The Lower Manhattan Cultural Council, a nonprofit arts and culture organization that sponsors art events and supports artists through grants and advocacy, ushered in Sam Miller as its new president on July 7.

As L.M.C.C. president, Miller aims to work with various partner groups to strengthen the organization’s already rich cultural programs that offer broad-ranging support of the arts. “I’m talking with other Downtown partners about additional spaces that would allow us to improve both our residency and public programming,” he said.

Among the partners of the L.M.C.C. are real estate owners who provide workspace and international residencies to artists in various fields; city and state cultural councils that assist in administering grants in the arts; and organizations like Fractured Atlas, which offers affordable health insurance to artists, and Creative Capital, which holds training workshops in how to sustain artistic careers.

“I hope to develop a strategic vision for L.M.C.C. that will make us really a catalytic partner with key stakeholders in the community in the years ahead,” Miller said. “There’s a tremendous demand and appetite for our grants and professional development programs. I’d like to work with our current and new partners in continuing to meet that need.”

Miller follows in his parents’ footsteps. His mother was the founding member and manager of the Trinity Repertory Company in Providence, Rhode Island, and his father became managing director of the company soon thereafter. Miller acted in some theatrical productions as a boy and later worked behind the scenes for his parents at the theater.

After graduating from Wesleyan with a theater major, Miller dove into arts management, working as a manager of C.E.T.A., a ballet company in Arizona. He has stuck with arts leadership and advocacy ever since.

“Exposure to the arts has been a transformative experience that is essential to the way I live my life,” he said.

Miller soon became an innovator and master of his field. He directed the Jacob’s Pillow Dance Festival in Becket, Massachusetts, transforming it from a summer program into an international year-round dance center. He was the executive director of the New England Foundation for the Arts for ten years, spearheading new programs such as the National Dance Project, the Creative Economy Initiative and the Favorite Poem Project.

Miller then served as president of Leveraging Investments in Creativity, where he led the way in raising funds and improving artists’ living and working space in communities around the country.

In 2009 he founded the O.A.M. Company, an arts consulting and producing organization, where he worked with the Andrew W. Mellon Foundation on dance and theater program strategies.

Miller stays loyal to his alma mater. He recently helped create a new graduate program at Wesleyan, the Institute for Curatorial Practice in Performance, for those who want to learn the ropes of art curating and artist advocacy in a school setting.

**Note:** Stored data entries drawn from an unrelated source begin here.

lemma lmove_border_eq_inflow_scale:
  "1 \<le> i \<Longrightarrow> 1 \<le> j \<Longrightarrow> i = 1 \<or> j = 1 \<Longrightarrow> lmove i j X = inflow_scale i j X"
  by (auto simp: lmove_def inflow_scale_def ext_entry_def)

lemma ext_entry_nonneg: "positive_on n m X \<Longrightarrow> i \<le> n \<Longrightarrow> j \<le> m \<Longrightarrow> ext_entry X i j \<ge> 0"
  by (auto simp: ext_entry_def positive_on_def less_imp_le)

lemma energy_term_cong:
  assumes "\<And>p q. (p, q) \<noteq> (r, s) \<Longrightarrow> Z1 p q = Z2 p q"
    and "(p, q) \<noteq> (r, s)" "(p, q) \<noteq> (r, Suc s)" "(p, q) \<noteq> (Suc r, s)"
  shows "energy_term Q Z1 p q = energy_term Q Z2 p q"
proof -
  have "ext_entry Z1 (p - 1) q = ext_entry Z2 (p - 1) q"
    using assms by (cases p) (auto simp: ext_entry_def)
  moreover have "ext_entry Z1 p (q - 1) = ext_entry Z2 p (q - 1)"
    using assms by (cases q) (auto simp: ext_entry_def)
  ultimately show ?thesis
    using assms by (simp add: energy_term_def local_energy_def)
qed

lemma sum_diff_eq_sum_diff_subset:
  fixes f g :: "'a \<Rightarrow> 'b::ab_group_add"
  assumes "finite G" "A \<subseteq> G" "\<And>x. x \<in> G - A \<Longrightarrow> f x = g x"
  shows "sum f G - sum g G = sum f A - sum g A"
proof -
  have "sum f (G - A) = sum g (G - A)"
    using assms by (intro sum.cong) auto
  then show ?thesis
    using assms by (simp add: sum.subset_diff)
qed

text \<open>The local identity behind the invariance: \<open>l\<^sub>i\<^sub>j\<close> replaces \<open>a\<close> by \<open>a' = bc / (ab + ac)\<close>,
  and \<open>k\<close>, \<open>u\<close>, \<open>l\<close> are the inflows into the three affected cells from outside.\<close>

lemma lmove_energy_identity:
  fixes a b c k u l a' :: real
  assumes "a > 0" "b > 0" "c > 0" "k > 0" and a': "a' = b * c / (a * b + a * c)"
  shows "k / (k * a') + (u + k * a') / b + (k * a' + l) / c = k / a + (u + a) / b + (a + l) / c"
proof -
  have a'_eq: "a' = b * c / (a * (b + c))"
    unfolding a' by (simp add: algebra_simps)
  have "a' > 0"
    unfolding a'_eq using assms by simp
  have inv: "1 / a' = a / b + a / c"
    unfolding a'_eq using assms by (simp add: field_simps)
  have sum: "a' / b + a' / c = 1 / a"
    unfolding a'_eq using assms by (simp add: divide_simps)
  have "k / (k * a') + (u + k * a') / b + (k * a' + l) / c
      = 1 / a' + u / b + l / c + k * (a' / b + a' / c)"
    using \<open>a' > 0\<close> assms(1-4) by (simp add: field_simps)
  also have "\<dots> = k / a + (u + a) / b + (a + l) / c"
    unfolding inv sum using assms(1-4) by (simp add: field_simps)
  finally show ?thesis .
qed

lemma inflow_positive:
  assumes X: "positive_on n m X" and "1 \<le> i" "i \<le> n" "1 \<le> j" "j \<le> m"
  shows "ext_entry X (i - 1) j + ext_entry X i (j - 1) > 0"
proof (cases "i = 1")
  case True
  then show ?thesis
    using assms by (cases "j = 1") (auto simp: ext_entry_def intro!: positive_onD[OF X])
next
  case False
  then have "X (i - 1) j > 0"
    using assms by (intro positive_onD[OF X]) auto
  moreover have "ext_entry X i (j - 1) \<ge> 0"
    using assms by (intro ext_entry_nonneg[OF X]) auto
  ultimately show ?thesis
    using False assms by (simp add: ext_entry_def)
qed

“In my research and work in the field, I discovered that there is no advanced training for development of curatorial practices as they could be applied in the performing arts,” he said. “There’s a real need for an informed, creative group of individuals who work with artists to get their work to the public.”

L.M.C.C.’s Board Chair, Cherrie Nanninga, deems Miller well equipped to handle the job.

“Sam Miller has a wealth of experience working with artists and arts organizations, and in leveraging the arts to support the broader community,” said Nanninga in a statement. “We look forward to working with him as he leads L.M.C.C. in its next phase of growth, building on an already stellar record of presenting, supporting and advocating for arts and culture.”